Instructions to follow: Every line from the start of the records below to the line containing "y \<and> walk" should be retyped exactly, that line included, and no others.

Items listed in a dataset:
[Start of section]

(* Given neighbours y1, y2 of q in the tree T, we add a fresh vertex a, delete the
   edges q y1 and q y2 and add the edges a q, a y1, a y2.  Every representing path
   that used one of the deleted edges is rerouted through a; since no path contains
   both y1 and y2, a path never needs both detours, so it stays a path.  Vertex
   sets of paths only grow by a, and only for paths containing q, so intersections
   (hence adjacency in G) are unchanged. *)

section \<open>Walks\<close>

fun walk :: "('a \<Rightarrow> 'a \<Rightarrow> bool) \<Rightarrow> 'a list \<Rightarrow> bool" where
  "walk R [] = False"
| "walk R [x] = True"
| "walk R (x # y # zs) = (R x y \<and> walk R (y # zs))"

lemma walk_iff_nth:
  "walk R xs \<longleftrightarrow> xs \<noteq> [] \<and> (\<forall>i. Suc i < length xs \<longrightarrow> R (xs ! i) (xs ! Suc i))"
proof (induction R xs rule: walk.induct)
  case (3 R x y zs)
  have "(\<forall>i. Suc i < length (x # y # zs) \<longrightarrow> R ((x # y # zs) ! i) ((x # y # zs) ! Suc i))
      \<longleftrightarrow> R x y \<and> (\<forall>i. Suc i < length (y # zs) \<longrightarrow> R ((y # zs) ! i) ((y # zs) ! Suc i))"
    (is "?all \<longleftrightarrow> _")
  proof
    assume ?all
    then show "R x y \<and> (\<forall>i. Suc i < length (y # zs) \<longrightarrow> R ((y # zs) ! i) ((y # zs) ! Suc i))"
      using spec[OF \<open>?all\<close>, of 0] spec[OF \<open>?all\<close>, of "Suc _"] by auto
  qed (auto simp: nth_Cons split: nat.splits)
  with 3 show ?case by simp
qed auto

lemma is_path_iff_walk: "is_path V E xs \<longleftrightarrow> distinct xs \<and> set xs \<subseteq> V \<and> walk E xs"
  unfolding is_path_def walk_iff_nth by auto

lemma walk_append: "walk R (as @ y # cs) \<longleftrightarrow> walk R (as @ [y]) \<and> walk R (y # cs)"
proof (induction as)
  case (Cons a as)
  then show ?case by (cases as) auto
qed simp

lemma walk_mono: "walk R ws \<Longrightarrow> (\<And>x y. R x y \<Longrightarrow> S x y) \<Longrightarrow> walk S ws"
  by (induction R ws rule: walk.induct) auto

lemma walk_set_closed: "walk R ws \<Longrightarrow> hd ws \<in> V \<Longrightarrow> (\<And>x y. R x y \<Longrightarrow> y \<in> V) \<Longrightarrow> set ws \<subseteq> V"
  by (induction R ws rule: walk.induct) auto

lemma walk_of_rtranclp: "R\<^sup>*\<^sup>* x y \<Longrightarrow> \<exists>ws. walk R ws \<and> hd ws = x \<and> last ws = y"
proof (induction rule: converse_rtranclp_induct)
  case base
  show ?case by (intro exI[of _ "[y]"]) simp
next
  case (step x z)
  then obtain ws where "walk R ws" "hd ws = z" "last ws = y" by blast
  with step show ?case by (intro exI[of _ "x # ws"]) (cases ws, auto)
qed

text \<open>Cutting out the cycle between two occurrences of a vertex shortens a walk,
  so every walk contains a distinct walk with the same end points.\<close>
lemma walk_distinct:
  "walk R ws \<Longrightarrow> \<exists>ws'. walk R ws' \<and> distinct ws' \<and> hd ws' = hd ws \<and> last ws' = last ws"
proof (induction "length ws" arbitrary: ws rule: less_induct)
  case less
  show ?case
  proof (cases "distinct ws")
    case False
    then obtain as y bs cs where ws: "ws = as @ [y] @ bs @ [y] @ cs"
      using not_distinct_decomp by blast
    let ?w = "as @ y # cs"
    have "walk R (as @ [y])" "walk R (y # bs @ y # cs)"
      using less(2) ws walk_append[of R as y "bs @ y # cs"] by auto
    moreover have "walk R (y # cs)"
      using calculation(2) walk_append[of R "y # bs" y cs] by simp
    ultimately have "walk R ?w" using walk_append[of R as y cs] by simp
    moreover have "length ?w < length ws" using ws by simp
    ultimately obtain ws' where "walk R ws'" "distinct ws'" "hd ws' = hd ?w" "last ws' = last ?w"
      using less(1) by blast
    moreover have "hd ?w = hd ws" "last ?w = last ws" using ws by (cases as; simp)+
    ultimately show ?thesis by metis
  qed (use less in blast)
qed

section \<open>Trees via bridges\<close>

text \<open>S is a side of the edge u v: it contains u but not v and is closed under all
  edges except the directed edge u v.  Such an S exists iff u v is a bridge.\<close>

definition bridge_side :: "('a \<Rightarrow> 'a \<Rightarrow> bool) \<Rightarrow> 'a \<Rightarrow> 'a \<Rightarrow> 'a set \<Rightarrow> bool" where
  "bridge_side E u v S \<longleftrightarrow>
     u \<in> S \<and> v \<notin> S \<and> (\<forall>x z. x \<in> S \<longrightarrow> E x z \<longrightarrow> \<not> (x = u \<and> z = v) \<longrightarrow> z \<in> S)"

lemma bridge_side_flip:
  "(\<And>x y. E x y \<Longrightarrow> E y x) \<Longrightarrow> bridge_side E u v S \<Longrightarrow> bridge_side E v u (- S)"
  unfolding bridge_side_def by blast

text \<open>In a tree every edge is a bridge: the vertices reachable from u without using
  the edge u v form a side, because a walk from u to v avoiding that edge would give a
  second u-v path besides [u, v].\<close>
lemma tree_edge_bridge_side:
  assumes tree: "is_tree V E" and uv: "E u v"
  shows "\<exists>S. bridge_side E u v S \<and> S \<subseteq> V"
proof -
  have sg: "sgraph V E" using tree is_tree_def by blast
  then have EV: "\<And>x y. E x y \<Longrightarrow> x \<in> V \<and> y \<in> V" and "u \<noteq> v"
    using uv unfolding sgraph_def by auto
  define R where "R = (\<lambda>x z. E x z \<and> \<not> (x = u \<and> z = v) \<and> \<not> (x = v \<and> z = u))"
  define S where "S = {x. R\<^sup>*\<^sup>* u x} \<inter> V"
  have "\<not> R\<^sup>*\<^sup>* u v"
  proof
    assume "R\<^sup>*\<^sup>* u v"
    then obtain ws where ws: "walk R ws" "distinct ws" "hd ws = u" "last ws = v"
      using walk_of_rtranclp walk_distinct by metis
    have wE: "walk E ws" using walk_mono[OF ws(1)] by (simp add: R_def)
    have "set ws \<subseteq> V" using walk_set_closed[OF wE] ws(3) EV[OF uv] EV by blast
    then have "is_path V E ws" using wE ws(2) by (simp add: is_path_iff_walk)
    moreover have "is_path V E [u, v]" using uv EV[OF uv] \<open>u \<noteq> v\<close> by (simp add: is_path_iff_walk)
    ultimately have "ws = [u, v]" using tree ws(3,4) unfolding is_tree_def by auto
    then show False using ws(1) by (simp add: R_def)
  qed
  moreover have "z \<in> S" if "x \<in> S" "E x z" "\<not> (x = u \<and> z = v)" for x z
  proof (cases "x = v \<and> z = u")
    case False
    then have "R x z" using that R_def by blast
    then show ?thesis using that EV unfolding S_def by (auto intro: rtranclp.rtrancl_into_rtrancl)
  qed (use EV uv S_def in auto)
  ultimately show ?thesis using EV[OF uv] unfolding bridge_side_def S_def by blast
qed

text \<open>A walk that avoids u cannot cross the edge u v, so it stays on the side of the
  edge where it starts.\<close>
lemma walk_stays_in_side:
  assumes "bridge_side E u v S"
  shows "walk E zs \<Longrightarrow> u \<notin> set zs \<Longrightarrow> hd zs \<in> S \<Longrightarrow> last zs \<in> S"
  using assms by (induction E zs rule: walk.induct) (auto simp: bridge_side_def)

lemma walk_stays_out_of_side:
  assumes "bridge_side E u v S" "\<And>x y. E x y \<Longrightarrow> E y x"
  shows "walk E zs \<Longrightarrow> u \<notin> set zs \<Longrightarrow> hd zs \<notin> S \<Longrightarrow> last zs \<notin> S"
  using assms by (induction E zs rule: walk.induct) (auto simp: bridge_side_def, blast)

text \<open>Conversely, if every edge is a bridge then distinct walks are determined by their
  end points: two such walks from a that leave along different edges a b and a c end
  on different sides of the edge a b.\<close>
lemma unique_distinct_walk:
  assumes sym: "\<And>x y. E x y \<Longrightarrow> E y x"
    and bridges: "\<And>u v. E u v \<Longrightarrow> \<exists>S. bridge_side E u v S"
  shows "walk E xs \<Longrightarrow> distinct xs \<Longrightarrow> walk E ys \<Longrightarrow> distinct ys
    \<Longrightarrow> hd xs = hd ys \<Longrightarrow> last xs = last ys \<Longrightarrow> xs = ys"
proof (induction xs arbitrary: ys rule: induct_list012)
  case (2 x)
  then show ?case by (cases ys) (auto, metis last_in_set)
next
  case (3 a b xs)
  obtain c ys' where ys: "ys = a # c # ys'"
    using 3 by (cases ys rule: remdups_adj.cases) (auto, metis last_in_set)
  show ?case
  proof (cases "b = c")
    case True
    then have "b # xs = c # ys'" using 3 ys by (intro "3.IH"(2)) auto
    then show ?thesis using ys True by simp
  next
    case False
    have "E a b" using "3.prems"(1) by simp
    then obtain S where S: "bridge_side E a b S" using bridges by blast
    have "E a c" using 3 ys by simp
    then have "c \<in> S" using S False unfolding bridge_side_def by blast
    then have "last (c # ys') \<in> S"
      using walk_stays_in_side[OF S, of "c # ys'"] 3 ys by simp
    moreover have "last (b # xs) \<notin> S"
      using walk_stays_out_of_side[OF S sym, of "b # xs"] 3 S unfolding bridge_side_def by simp
    ultimately show ?thesis using 3 ys by simp
  qed
qed simp

lemma is_treeI_bridges:
  assumes "sgraph V E" "connected_graph V E"
    and bridges: "\<And>u v. E u v \<Longrightarrow> \<exists>S. bridge_side E u v S"
  shows "is_tree V E"
proof -
  have sym: "\<And>x y. E x y \<Longrightarrow> E y x" using assms(1) unfolding sgraph_def by blast
  show ?thesis
    unfolding is_tree_def is_path_iff_walk
    using assms(1,2) unique_distinct_walk[OF sym bridges] by blast
qed

section \<open>Splitting off two edges at a vertex\<close>

definition split_edges :: "('a \<Rightarrow> 'a \<Rightarrow> bool) \<Rightarrow> 'a \<Rightarrow> 'a \<Rightarrow> 'a \<Rightarrow> 'a \<Rightarrow> 'a \<Rightarrow> 'a \<Rightarrow> bool" where
  "split_edges E q y1 y2 a x z \<longleftrightarrow>
     (E x z \<and> \<not> (x = q \<and> z \<in> {y1, y2}) \<and> \<not> (z = q \<and> x \<in> {y1, y2}))
     \<or> (x = a \<and> z \<in> {q, y1, y2}) \<or> (z = a \<and> x \<in> {q, y1, y2})"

[End of section]

Result below:
(* Given neighbours y1, y2 of q in the tree T, we add a fresh vertex a, delete the
   edges q y1 and q y2 and add the edges a q, a y1, a y2.  Every representing path
   that used one of the deleted edges is rerouted through a; since no path contains
   both y1 and y2, a path never needs both detours, so it stays a path.  Vertex
   sets of paths only grow by a, and only for paths containing q, so intersections
   (hence adjacency in G) are unchanged. *)

section \<open>Walks\<close>

fun walk :: "('a \<Rightarrow> 'a \<Rightarrow> bool) \<Rightarrow> 'a list \<Rightarrow> bool" where
  "walk R [] = False"
| "walk R [x] = True"
| "walk R (x # y # zs) = (R x y \<and> walk R (y # zs))"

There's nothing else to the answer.